Thursday, May 20, 2010
Franklin Hall B Level 4 (Philadelphia Marriott Downtown)
10:00 AM
S. Lietz
,
MRC Social, Genetic and Developmental Psychiatry Centre, Institute of Psychiatry, King's College London, London, United Kingdom
F. Rijsdijk
,
Social, Genetic and Developmental Psychiatry (SGDP) Centre, Institute of Psychiatry, King's College London, London, United Kingdom
E. Colvert
,
MRC Social, Genetic and Developmental Psychiatry Centre, Institute of Psychiatry, King's College London, London, United Kingdom
E. Woodhouse
,
MRC Social, Genetic and Developmental Psychiatry Centre, Institute of Psychiatry, King's College London, London, United Kingdom
N. Gillan
,
MRC Social, Genetic and Developmental Psychiatry Centre, Institute of Psychiatry, King's College London, London, United Kingdom
V. Hallett
,
MRC Social, Genetic and Developmental Psychiatry Centre, Institute of Psychiatry, King's College London, London, United Kingdom
P. Bolton
,
MRC Social, Genetic and Developmental Psychiatry Centre, Institute of Psychiatry, King's College London, London, United Kingdom
F. Happé
,
MRC Social, Genetic and Developmental Psychiatry Centre, Institute of Psychiatry, King's College London, London, United Kingdom
Background: Elevated levels of sensory abnormalities, such as hypo- and hyper-sensitivity to sound, light, touch, and taste, are well-documented in autism (e.g. Leekam et al., 2007, Rogers & Ozonoff, 2005) as well as in Fragile X (Rogers et al., 2003). Since autism and Fragile X are both highly heritable, genetic factors may also be involved in sensory abnormalities. Studies so far indicate moderate heritability of sensory sensitivity in typically developing samples (e.g. Goldsmith et al., 1997), with some indication that the tactile domain might be more heritable than the auditory domain (Goldsmith et al. 2006). A sibling study of sensory abnormalities in ASD (Szatmari et al., 2006) examined the structure of the restricted, repetitive behaviours and interests domain in autism measured by the ADI. Using factor analysis, they found that this domain consists of 2 factors: 'insistence on sameness' (IS) and 'repetitive and sensory motor behaviours and interests' (RSMB). However, their analysis of sibling data did not suggest familiality of the RSMB factor. To date, no twin study of autism has investigated the genetic and environmental contributions to individual differences in sensory responsivity.

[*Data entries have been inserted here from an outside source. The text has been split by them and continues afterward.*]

(* Let $S$ be an operator system that is positively generated, i.e. $S^{sa}=S^+-S^+$. Then for each $n\ge1$, $M_n(S)^{sa}=M_n(S)^+-M_n(S)^+$.
   Context: An operator system here is a (possibly nonunital) matrix ordered operator space $S$ (operator space with completely isometric involution and closed matrix cones $M_n(S)^+\subseteq M_n(S)^{sa}$) that admits a completely isometric complete order embedding into $B(H)$ for some Hilbert space $H$. *)

theory Defs
  imports Complex_Main
begin

class complex_vector = real_vector +
  fixes scaleC :: "complex \<Rightarrow> 'a \<Rightarrow> 'a" (infixr "*\<^sub>C" 75)
  assumes scaleC_add_right: "a *\<^sub>C (x + y) = a *\<^sub>C x + a *\<^sub>C y"
    and scaleC_add_left: "(a + b) *\<^sub>C x = a *\<^sub>C x + b *\<^sub>C x"
    and scaleC_scaleC: "a *\<^sub>C (b *\<^sub>C x) = (a * b) *\<^sub>C x"
    and scaleC_one: "1 *\<^sub>C x = x"
    and scaleR_scaleC: "r *\<^sub>R x = complex_of_real r *\<^sub>C x"

class complex_normed_vector = complex_vector + real_normed_vector +
  assumes norm_scaleC: "norm (a *\<^sub>C x) = cmod a * norm x"

class complex_inner = complex_normed_vector +
  fixes cinner :: "'a \<Rightarrow> 'a \<Rightarrow> complex"
  assumes cinner_commute: "cinner x y = cnj (cinner y x)"
    and cinner_add_right: "cinner x (y + z) = cinner x y + cinner x z"
    and cinner_scaleC_right: "cinner x (a *\<^sub>C y) = a * cinner x y"
    and cinner_ge_zero: "0 \<le> Re (cinner x x)"
    and cinner_eq_zero_iff: "cinner x x = 0 \<longleftrightarrow> x = 0"
    and norm_eq_sqrt_cinner: "norm x = sqrt (Re (cinner x x))"

class chilbert_space = complex_inner + complete_space

definition clinear :: "('a::complex_vector \<Rightarrow> 'b::complex_vector) \<Rightarrow> bool" where
  "clinear f \<longleftrightarrow> (\<forall>x y. f (x + y) = f x + f y) \<and> (\<forall>a x. f (a *\<^sub>C x) = a *\<^sub>C f x)"

definition bounded_ops :: "('h::chilbert_space \<Rightarrow> 'h) set" where
  "bounded_ops = {T. clinear T \<and> (\<exists>K. \<forall>x. norm (T x) \<le> K * norm x)}"

definition is_adjoint :: "('h::complex_inner \<Rightarrow> 'h) \<Rightarrow> ('h \<Rightarrow> 'h) \<Rightarrow> bool" where
  "is_adjoint T U \<longleftrightarrow> (\<forall>x y. cinner (T x) y = cinner x (U y))"

text \<open>An n x n matrix [T_ij] of operators on H (entries indexed by i,j < n) is positive
  as an operator on H^n: <xi, [T_ij] xi> >= 0 for all xi in H^n.\<close>
definition pos_op_matrix :: "nat \<Rightarrow> (nat \<Rightarrow> nat \<Rightarrow> ('h::complex_inner \<Rightarrow> 'h)) \<Rightarrow> bool" where
  "pos_op_matrix n T \<longleftrightarrow>
     (\<forall>\<xi> :: nat \<Rightarrow> 'h.
        let q = (\<Sum>i<n. \<Sum>j<n. cinner (\<xi> i) (T i j (\<xi> j))) in Im q = 0 \<and> 0 \<le> Re q)"

text \<open>Data of a (possibly nonunital) matrix ordered space: an involution \<open>star\<close> on S and
  cones \<open>cone n \<subseteq> M_n(S)\<close>, where an element of M_n(S) is represented by a function
  \<open>nat \<Rightarrow> nat \<Rightarrow> 'S\<close> of which only the entries with indices < n matter.
  \<open>op_sys_embedding star cone \<phi>\<close> says that \<phi> : S \<rightarrow> B(H) is an injective complex-linear
  *-map which is a complete order embedding: [x_ij] \<in> M_n(S)^+ iff [\<phi> x_ij] \<ge> 0 in M_n(B(H)).\<close>
definition op_sys_embedding ::
  "('s::complex_vector \<Rightarrow> 's) \<Rightarrow> (nat \<Rightarrow> (nat \<Rightarrow> nat \<Rightarrow> 's) set) \<Rightarrow> ('s \<Rightarrow> ('h::chilbert_space \<Rightarrow> 'h)) \<Rightarrow> bool"
  where
  "op_sys_embedding star cone \<phi> \<longleftrightarrow>
     (\<forall>x. star (star x) = x) \<and>
     (\<forall>x y. star (x + y) = star x + star y) \<and>
     (\<forall>a x. star (a *\<^sub>C x) = cnj a *\<^sub>C star x) \<and>
     inj \<phi> \<and>
     (\<forall>x y h. \<phi> (x + y) h = \<phi> x h + \<phi> y h) \<and>
     (\<forall>a x h. \<phi> (a *\<^sub>C x) h = a *\<^sub>C \<phi> x h) \<and> (\<forall>x. \<phi> x \<in> bounded_ops) \<and>
     (\<forall>x. is_adjoint (\<phi> x) (\<phi> (star x))) \<and>
     (\<forall>n X. X \<in> cone n \<longleftrightarrow> pos_op_matrix n (\<lambda>i j. \<phi> (X i j)))"

definition mat_sa :: "('s \<Rightarrow> 's) \<Rightarrow> nat \<Rightarrow> (nat \<Rightarrow> nat \<Rightarrow> 's) set" where
  "mat_sa star n = {X. \<forall>i<n. \<forall>j<n. X j i = star (X i j)}"

definition cone_diff :: "(nat \<Rightarrow> (nat \<Rightarrow> nat \<Rightarrow> 's::ab_group_add) set) \<Rightarrow> nat \<Rightarrow> (nat \<Rightarrow> nat \<Rightarrow> 's) set" where
  "cone_diff cone n = {X. \<exists>P\<in>cone n. \<exists>Q\<in>cone n. \<forall>i<n. \<forall>j<n. X i j = P i j - Q i j}"

definition pos_part :: "(nat \<Rightarrow> (nat \<Rightarrow> nat \<Rightarrow> 's) set) \<Rightarrow> 's set" where
  "pos_part cone = {x. (\<lambda>i j. x) \<in> cone 1}"

definition positively_generated :: "('s::ab_group_add \<Rightarrow> 's) \<Rightarrow> (nat \<Rightarrow> (nat \<Rightarrow> nat \<Rightarrow> 's) set) \<Rightarrow> bool" where
  "positively_generated star cone \<longleftrightarrow>
     {x. star x = x} = {p - q | p q. p \<in> pos_part cone \<and> q \<in> pos_part cone}"

end

theory Submission
  imports Defs "HOL-Library.Complex_Order"
begin

(* A positive operator matrix [T_ij] has a real quadratic form, so by polarization its
   sesquilinear form is Hermitian and T_ji is the adjoint of T_ij; as the embedding is
   injective and *-preserving, every element of M_n(S)^+ - M_n(S)^+ is self-adjoint.
   Conversely, with v = e_i + \<i>^k e_j the sum over k < 4 of \<i>^k v v^* is 4 E_ij, so a
   self-adjoint X = [x_ij] is the sum over i, j < n and k < 4 of v v^* (x) c with the
   self-adjoint coefficient c = (\<i>^k x_ij + cnj(\<i>^k) x_ij^* ) / 8. Writing c = p - q with
   p, q in S^+, each v v^* (x) p is positive: its quadratic form at xi is <eta, p eta> for
   eta = sum_i cnj(v_i) xi_i. *)

lemma additive_scaleC_right: "additive (scaleC a :: 'a::complex_vector \<Rightarrow> 'a)"
  by (rule additive.intro) (rule scaleC_add_right)

lemma additive_scaleC_left: "additive (\<lambda>a. a *\<^sub>C (x::'a::complex_vector))"
  by (rule additive.intro) (rule scaleC_add_left)

lemmas scaleC_diff_right = additive.diff[OF additive_scaleC_right]
  and scaleC_zero_left = additive.zero[OF additive_scaleC_left]
  and scaleC_sum_left = additive.sum[OF additive_scaleC_left]

lemma additive_cinner_right: "additive (cinner (x::'a::complex_inner))"
  by (rule additive.intro) (rule cinner_add_right)

lemma additive_cinner_left: "additive (\<lambda>x::'a::complex_inner. cinner x y)"
  by (rule additive.intro) (metis cinner_add_right cinner_commute complex_cnj_add)

lemmas cinner_zero_right = additive.zero[OF additive_cinner_right]
  and cinner_diff_right = additive.diff[OF additive_cinner_right]
  and cinner_sum_right = additive.sum[OF additive_cinner_right]
  and cinner_zero_left = additive.zero[OF additive_cinner_left]
  and cinner_add_left = additive.add[OF additive_cinner_left]
  and cinner_sum_left = additive.sum[OF additive_cinner_left]

lemma cinner_scaleC_left: "cinner (a *\<^sub>C x) (y::'a::complex_inner) = cnj a * cinner x y"
  by (metis cinner_commute cinner_scaleC_right complex_cnj_mult)

lemma clinear_additive: "clinear f \<Longrightarrow> additive f"
  unfolding clinear_def by (simp add: additive.intro)

lemma is_adjoint_unique:
  assumes "is_adjoint T U" and "is_adjoint T V"
  shows "U = V"
proof
  fix y
  have "cinner x (U y - V y) = 0" for x
    using assms by (simp add: is_adjoint_def cinner_diff_right)
  then show "U y = V y"
    using cinner_eq_zero_iff[of "U y - V y"] by simp
qed

definition op_matrix_form :: "nat \<Rightarrow> (nat \<Rightarrow> nat \<Rightarrow> 'h::complex_inner \<Rightarrow> 'h) \<Rightarrow> (nat \<Rightarrow> 'h) \<Rightarrow> (nat \<Rightarrow> 'h) \<Rightarrow> complex"
  where "op_matrix_form n T \<xi> \<eta> = (\<Sum>i<n. \<Sum>j<n. cinner (\<xi> i) (T i j (\<eta> j)))"

(* On complex numbers, 0 \<le> z means that z is real and nonnegative (Complex_Order). *)
lemma pos_op_matrix_iff_form_nonneg:
  "pos_op_matrix n T \<longleftrightarrow> (\<forall>\<xi>. 0 \<le> op_matrix_form n T \<xi> \<xi>)"
  by (auto simp: pos_op_matrix_def op_matrix_form_def less_eq_complex_def)

lemma op_matrix_form_expand:
  assumes "\<And>i j. clinear (T i j)"
  shows "op_matrix_form n T (\<lambda>i. \<xi> i + z *\<^sub>C \<eta> i) (\<lambda>i. \<xi> i + z *\<^sub>C \<eta> i)
    = op_matrix_form n T \<xi> \<xi> + z * op_matrix_form n T \<xi> \<eta>
      + cnj z * op_matrix_form n T \<eta> \<xi> + (cnj z * z) * op_matrix_form n T \<eta> \<eta>"
proof -
  have "cinner (\<xi> i + z *\<^sub>C \<eta> i) (T i j (\<xi> j + z *\<^sub>C \<eta> j))
    = cinner (\<xi> i) (T i j (\<xi> j)) + z * cinner (\<xi> i) (T i j (\<eta> j))
      + cnj z * cinner (\<eta> i) (T i j (\<xi> j)) + (cnj z * z) * cinner (\<eta> i) (T i j (\<eta> j))" for i j
    using assms[of i j] unfolding clinear_def
    by (simp add: cinner_add_left cinner_add_right cinner_scaleC_left cinner_scaleC_right ring_distribs)
  then show ?thesis
    by (simp add: op_matrix_form_def sum.distrib sum_distrib_left)
qed

lemma pos_op_matrix_form_cnj:
  assumes "pos_op_matrix n T" and "\<And>i j. clinear (T i j)"
  shows "op_matrix_form n T \<eta> \<xi> = cnj (op_matrix_form n T \<xi> \<eta>)"
proof -
  let ?F = "op_matrix_form n T"
  have real: "Im (?F \<zeta> \<zeta>) = 0" for \<zeta>
    using assms(1) by (simp add: pos_op_matrix_iff_form_nonneg less_eq_complex_def)
  have Im_polar: "Im (z * ?F \<xi> \<eta> + cnj z * ?F \<eta> \<xi>) = 0" for z
    using real[of "\<lambda>i. \<xi> i + z *\<^sub>C \<eta> i"] real[of \<xi>] real[of \<eta>]
    by (simp add: op_matrix_form_expand[OF assms(2)])
  show ?thesis
    using Im_polar[of 1] Im_polar[of \<i>] by (simp add: complex_eq_iff)
qed

lemma op_matrix_form_single:
  assumes "i < n" and "j < n" and "\<And>k l. T k l 0 = 0"
  shows "op_matrix_form n T (\<lambda>k. if k = i then a else 0) (\<lambda>l. if l = j then b else 0) = cinner a (T i j b)"
proof -
  have "cinner (if k = i then a else 0) (T k l (if l = j then b else 0))
      = (if l = j then if k = i then cinner a (T i j b) else 0 else 0)" for k l
    by (simp add: assms(3) cinner_zero_left cinner_zero_right)
  then show ?thesis
    using assms(1,2) by (simp add: op_matrix_form_def)
qed

lemma pos_op_matrix_adjoint:
  assumes "pos_op_matrix n T" and "\<And>i j. clinear (T i j)" and "i < n" and "j < n"
  shows "is_adjoint (T i j) (T j i)"
  unfolding is_adjoint_def
proof (intro allI)
  fix x y
  have T0: "T k l 0 = 0" for k l
    using additive.zero[OF clinear_additive[OF assms(2)]] .
  show "cinner (T i j x) y = cinner x (T j i y)"
    using pos_op_matrix_form_cnj[OF assms(1,2), of "\<lambda>k. if k = j then x else 0" "\<lambda>k. if k = i then y else 0"]
    by (simp add: op_matrix_form_single assms T0) (metis cinner_commute)
qed

lemma pos_op_matrix_sum:
  assumes "\<And>t. t \<in> F \<Longrightarrow> pos_op_matrix n (T t)"
  shows "pos_op_matrix n (\<lambda>i j x. \<Sum>t\<in>F. T t i j x)"
proof -
  have "op_matrix_form n (\<lambda>i j x. \<Sum>t\<in>F. T t i j x) \<xi> \<xi> = (\<Sum>t\<in>F. op_matrix_form n (T t) \<xi> \<xi>)" for \<xi>
    unfolding op_matrix_form_def cinner_sum_right by (simp add: sum.swap[of _ _ F])
  then show ?thesis
    using assms by (simp add: pos_op_matrix_iff_form_nonneg sum_nonneg)
qed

Objectives: Using bivariate genetic model-fitting (adjusted to account for selection), this study aims to examine how much of the phenotypic association between sensory abnormalities and autism symptoms is due to genetic and environmental factors shared between each set of symptoms. Furthermore, the relative contribution of genetic and environmental effects to individual differences in sensory responsivity will be estimated.
Methods: This study forms part of a large-scale longitudinal twin study (TEDS - Twins Early Development Study). Twins with ASD (autism, Asperger Syndrome, atypical autism) were recruited for the Social Relationship Study (SRS). The sample for the present study includes 60 ASD twin pairs (at least one twin with ASD) and 60 control twin pairs, aged 12-15 years. Patterns of sensory abnormalities were assessed using the Short Sensory Profile completed by children and parents. The Autism Diagnostic Observation Schedule (ADOS) and Autism Diagnostic Interview-Revised (ADI-R) were carried out to confirm diagnostic status.
Results: Results show moderate phenotypic correlations between total Short Sensory Profile scores and ADI scores. Bivariate Liability Threshold model-fitting analyses will yield the heritability of sensory symptoms and the genetic/environmental correlations between autism symptoms and sensory abnormalities.
Conclusions: Finding genetic overlap between autism and sensory symptoms may indicate that sensory abnormalities are part of the core symptomatology for ASD, and thus could be used as early predictors of ASD as well as being included in diagnostic criteria.